[DATASET]

definition next_lost :: "nat \<Rightarrow> nat \<Rightarrow> nat \<Rightarrow> nat \<Rightarrow> state" where
  "next_lost i j d x = (if x = i then (i, j, Suc d) else if x = j then (j, j, 0) else (x, j, 1))"

definition update_prob :: "real \<Rightarrow> state \<Rightarrow> nat \<Rightarrow> state \<Rightarrow> real" where
  "update_prob ps s x k = (case s of (i, j, d) \<Rightarrow>
     if i = j then (if k = next_delivered i x then 1 else 0)
     else (if k = next_delivered i x then ps else 0) + (if k = next_lost i j d x then 1 - ps else 0))"

lemma fst_next_delivered [simp]: "fst (next_delivered i x) = x"
  by (simp add: next_delivered_def)

lemma fst_next_lost [simp]: "fst (next_lost i j d x) = x"
  by (simp add: next_lost_def)

text \<open>The simplifier rewrites the action \<open>1\<close> of \<open>trans_always\<close> to \<open>Suc 0\<close>, so this
  factorisation is applied by unfolding before simplification.\<close>

lemma trans_always_factor: "trans_always Q ps s k = Q (fst s) (fst k) * update_prob ps s (fst k) k"
proof -
  obtain i j d a b c where "s = (i, j, d)" "k = (a, b, c)"
    by (cases s, cases k) auto
  then show ?thesis
    by (cases "i = j"; cases "a = i"; cases "a = j")
      (simp_all add: update_prob_def next_delivered_def next_lost_def distrib_left)
qed

lemma update_prob_nonneg: "0 < ps \<Longrightarrow> ps < 1 \<Longrightarrow> 0 \<le> update_prob ps s x k"
  by (cases s) (auto simp: update_prob_def)

lemma update_prob_eq_0: "x \<noteq> fst k \<Longrightarrow> update_prob ps s x k = 0"
  by (cases s) (auto simp: update_prob_def)

lemma finite_src [simp]: "finite (src M)"
  by (simp add: src_def)

locale remote_estimation =
  fixes M :: nat and Q :: "nat \<Rightarrow> nat \<Rightarrow> real" and ps :: real
  assumes M_pos: "1 \<le> M"
    and stochastic: "stochastic_on Q (src M)"
    and irreducible: "irreducible_on Q (src M)"
    and ps_pos: "0 < ps" and ps_less_1: "ps < 1"
begin

abbreviation S :: "state set" where
  "S \<equiv> state_space M Q"

abbreviation P :: "state \<Rightarrow> state \<Rightarrow> real" where
  "P \<equiv> trans_always Q ps"

lemma Q_nonneg: "i \<in> src M \<Longrightarrow> j \<in> src M \<Longrightarrow> 0 \<le> Q i j"
  using stochastic by (simp add: stochastic_on_def)

lemma Q_row_sum: "i \<in> src M \<Longrightarrow> (\<Sum>j\<in>src M. Q i j) = 1"
  using stochastic by (simp add: stochastic_on_def)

[/DATASET]

▶ [EXERCISE GOAL]: Go through the data above and transcribe every entry exactly.

▶ [THE ANSWER]:
definition next_lost :: "nat \<Rightarrow> nat \<Rightarrow> nat \<Rightarrow> nat \<Rightarrow> state" where
  "next_lost i j d x = (if x = i then (i, j, Suc d) else if x = j then (j, j, 0) else (x, j, 1))"

definition update_prob :: "real \<Rightarrow> state \<Rightarrow> nat \<Rightarrow> state \<Rightarrow> real" where
  "update_prob ps s x k = (case s of (i, j, d) \<Rightarrow>
     if i = j then (if k = next_delivered i x then 1 else 0)
     else (if k = next_delivered i x then ps else 0) + (if k = next_lost i j d x then 1 - ps else 0))"

lemma fst_next_delivered [simp]: "fst (next_delivered i x) = x"
  by (simp add: next_delivered_def)

lemma fst_next_lost [simp]: "fst (next_lost i j d x) = x"
  by (simp add: next_lost_def)

text \<open>The simplifier rewrites the action \<open>1\<close> of \<open>trans_always\<close> to \<open>Suc 0\<close>, so this
  factorisation is applied by unfolding before simplification.\<close>

lemma trans_always_factor: "trans_always Q ps s k = Q (fst s) (fst k) * update_prob ps s (fst k) k"
proof -
  obtain i j d a b c where "s = (i, j, d)" "k = (a, b, c)"
    by (cases s, cases k) auto
  then show ?thesis
    by (cases "i = j"; cases "a = i"; cases "a = j")
      (simp_all add: update_prob_def next_delivered_def next_lost_def distrib_left)
qed

lemma update_prob_nonneg: "0 < ps \<Longrightarrow> ps < 1 \<Longrightarrow> 0 \<le> update_prob ps s x k"
  by (cases s) (auto simp: update_prob_def)

lemma update_prob_eq_0: "x \<noteq> fst k \<Longrightarrow> update_prob ps s x k = 0"
  by (cases s) (auto simp: update_prob_def)

lemma finite_src [simp]: "finite (src M)"
  by (simp add: src_def)

locale remote_estimation =
  fixes M :: nat and Q :: "nat \<Rightarrow> nat \<Rightarrow> real" and ps :: real
  assumes M_pos: "1 \<le> M"
    and stochastic: "stochastic_on Q (src M)"
    and irreducible: "irreducible_on Q (src M)"
    and ps_pos: "0 < ps" and ps_less_1: "ps < 1"
begin

abbreviation S :: "state set" where
  "S \<equiv> state_space M Q"

abbreviation P :: "state \<Rightarrow> state \<Rightarrow> real" where
  "P \<equiv> trans_always Q ps"

lemma Q_nonneg: "i \<in> src M \<Longrightarrow> j \<in> src M \<Longrightarrow> 0 \<le> Q i j"
  using stochastic by (simp add: stochastic_on_def)

lemma Q_row_sum: "i \<in> src M \<Longrightarrow> (\<Sum>j\<in>src M. Q i j) = 1"
  using stochastic by (simp add: stochastic_on_def)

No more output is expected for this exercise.